I sat where I was, wondering what it must be like to have such a sense of place. I was born and raised in Helensburgh, but I feel no particular urge to return there. My childhood was happy, but I have no expectations that returning to live in Helensburgh would restore the joys of youth. If I was as ill as Hector, I certainly would not want to live very far from the best medical care.
The weather was still holding fair but there were more clouds this afternoon and they were darkening, although they did not yet threaten rain. I wandered along the shore of the loch and then returned to my cabin to freshen up before I joined father and daughter for dinner. Anya served venison steaks with potatoes boiled in their skins and tinned carrots. She cut up the meat for her father and kept one eye on him, but he fed himself, emptying his plate.
The evening did not go as Anya had planned. Hector was lively after his afternoon nap and he reminisced about his boyhood for almost two hours, after which his eyes abruptly closed, and he was asleep on his feet as his daughter manhandled him to his bedroom. I wished them ‘goodnight’ and returned to my cabin.
Hector’s father had been head gamekeeper to the Earl that owned the estate. The boy was born in one of a row of cottages close to the stables and less than quarter of a mile from the mansion which the owner and his friends occupied for about six weeks in the year. It was during that brief period that Hector’s most vivid memories were formed.
Loch Dochard only holds trout, so it did not feature in the parties formed to catch salmon; the laird and his family often picnicked on the shores, however, with the children pulling brown trout from the lochan while the parents took their ease.
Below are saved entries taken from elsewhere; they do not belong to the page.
lemma Int_stable_inv_events: "Int_stable (inv_events M X)"
proof (rule Int_stableI)
  fix a b assume "a \<in> inv_events M X" "b \<in> inv_events M X"
  obtain A where a: "a = X -` A \<inter> space M" and A: "A \<in> sets mpp_space"
      and null_A: "\<And>\<tau>. {\<omega> \<in> space M. X \<omega> \<in> sym_diff A (shift \<tau> ` A)} \<in> null_sets M"
    using \<open>a \<in> inv_events M X\<close> by (rule inv_eventsE) blast
  obtain B where b: "b = X -` B \<inter> space M" and B: "B \<in> sets mpp_space"
      and null_B: "\<And>\<tau>. {\<omega> \<in> space M. X \<omega> \<in> sym_diff B (shift \<tau> ` B)} \<in> null_sets M"
    using \<open>b \<in> inv_events M X\<close> by (rule inv_eventsE) blast
  have "measure M {\<omega> \<in> space M. X \<omega> \<in> sym_diff (A \<inter> B) (shift \<tau> ` (A \<inter> B))} = 0" for \<tau>
  proof -
    have "shift \<tau> ` (A \<inter> B) = shift \<tau> ` A \<inter> shift \<tau> ` B"
      by (rule image_Int[OF inj_shift])
    then have "{\<omega> \<in> space M. X \<omega> \<in> sym_diff (A \<inter> B) (shift \<tau> ` (A \<inter> B))}
        \<subseteq> {\<omega> \<in> space M. X \<omega> \<in> sym_diff A (shift \<tau> ` A)}
          \<union> {\<omega> \<in> space M. X \<omega> \<in> sym_diff B (shift \<tau> ` B)}"
      by blast
    moreover have "{\<omega> \<in> space M. X \<omega> \<in> sym_diff (A \<inter> B) (shift \<tau> ` (A \<inter> B))} \<in> sets M"
      using A B sets_shift_image[of "A \<inter> B"] by (intro measurable_sets_Collect[OF measurable_X]) auto
    ultimately show ?thesis
      by (intro measure_eq_0_null_sets null_sets_subset[OF null_sets.Un[OF null_A null_B]])
  qed
  moreover have "a \<inter> b = X -` (A \<inter> B) \<inter> space M"
    using a b by auto
  ultimately show "a \<inter> b \<in> inv_events M X"
    unfolding inv_events_def using A B by (intro CollectI exI[of _ "A \<inter> B"]) auto
qed

lemma emeasure_inv_event_Int_shift_X:
  assumes E: "E \<in> inv_events M X" and S: "S \<in> sets mpp_space"
  shows "emeasure M (E \<inter> {\<omega> \<in> space M. shift x (X \<omega>) \<in> S}) = emeasure M (E \<inter> {\<omega> \<in> space M. X \<omega> \<in> S})"
proof -
  obtain A where E_eq: "E = X -` A \<inter> space M" and A: "A \<in> sets mpp_space"
    and null: "\<And>\<tau>. {\<omega> \<in> space M. X \<omega> \<in> sym_diff A (shift \<tau> ` A)} \<in> null_sets M"
    using E by (rule inv_eventsE) blast
  have shift_A: "shift (- x) ` A = shift x -` A \<inter> space mpp_space"
    using shift_image_eq_vimage[of A "- x"] sets.sets_into_space[OF A] by simp
  have "AE \<omega> in M. X \<omega> \<in> A \<longleftrightarrow> shift x (X \<omega>) \<in> A"
    using AE_not_in[OF null[of "- x"]] AE_space
    by eventually_elim (use measurable_space[OF measurable_X] in \<open>auto simp: shift_A\<close>)
  then have "emeasure M (E \<inter> {\<omega> \<in> space M. shift x (X \<omega>) \<in> S})
      = emeasure M {\<omega> \<in> space M. shift x (X \<omega>) \<in> A \<inter> S}"
    using A S unfolding E_eq by (intro emeasure_eq_AE) auto
  also have "\<dots> = emeasure M {\<omega> \<in> space M. X \<omega> \<in> A \<inter> S}"
    using A S by (intro emeasure_shift_X) auto
  also have "{\<omega> \<in> space M. X \<omega> \<in> A \<inter> S} = E \<inter> {\<omega> \<in> space M. X \<omega> \<in> S}"
    unfolding E_eq by auto
  finally show ?thesis .
qed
The area around the loch was at its busiest in the stalking season.
On the far side of the water from the cosy cabin where Hector was reminiscing, there was a stone-built stable with a slate roof, the remains of which Anya promised to show me before I left. Hector and the other boys brought the gearran down from the big house and slept in the loft above their charges, while his father organised the stalking of the deer.
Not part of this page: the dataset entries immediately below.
text \<open>The library locale simple_group
  requires order G > 1, where order is the cardinality, which is 0 for infinite
  groups; hence we use the plain definition: nontrivial group whose only normal
  subgroups are the trivial one and the whole group.\<close>
definition simple_grp :: "('a, 'b) monoid_scheme \<Rightarrow> bool" where
  "simple_grp A \<longleftrightarrow> group A \<and> carrier A \<noteq> {\<one>\<^bsub>A\<^esub>} \<and>
     (\<forall>H. H \<lhd> A \<longrightarrow> H = {\<one>\<^bsub>A\<^esub>} \<or> H = carrier A)"

definition sch_vertices :: "('a, 'b) monoid_scheme \<Rightarrow> 'a set \<Rightarrow> 'a set set" where
  "sch_vertices A K = RCOSETS A K"

definition sch_labels :: "('a, 'b) monoid_scheme \<Rightarrow> 'a set \<Rightarrow> 'a set" where
  "sch_labels A S = {x \<in> carrier A. x \<in> S \<or> m_inv A x \<in> S}"

definition sch_edges :: "('a, 'b) monoid_scheme \<Rightarrow> 'a set \<Rightarrow> 'a set \<Rightarrow> ('a set \<times> 'a) set" where
  "sch_edges A K S = sch_vertices A K \<times> sch_labels A S"

definition sch_origin :: "'a set \<times> 'a \<Rightarrow> 'a set" where
  "sch_origin e = fst e"

definition sch_terminus :: "('a, 'b) monoid_scheme \<Rightarrow> 'a set \<times> 'a \<Rightarrow> 'a set" where
  "sch_terminus A e = r_coset A (fst e) (snd e)"

definition sch_label :: "'a set \<times> 'a \<Rightarrow> 'a" where
  "sch_label e = snd e"

definition sch_inverse :: "('a, 'b) monoid_scheme \<Rightarrow> 'a set \<times> 'a \<Rightarrow> 'a set \<times> 'a" where
  "sch_inverse A e = (r_coset A (fst e) (snd e), m_inv A (snd e))"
The gearran is a Highland pony specially trained to carry the carcases of deer off the hill. Horses become very uneasy around dead animals, so the ponies are introduced to the pelt of deer. It is first laid on the ground and a treat such as carrots or apples is strewn on it. When the ponies are comfortable with that, the skin will be placed on their backs. Hector played a big hand in the training, and he was the acknowledged leader of the horse boys sleeping rough at the loch-side.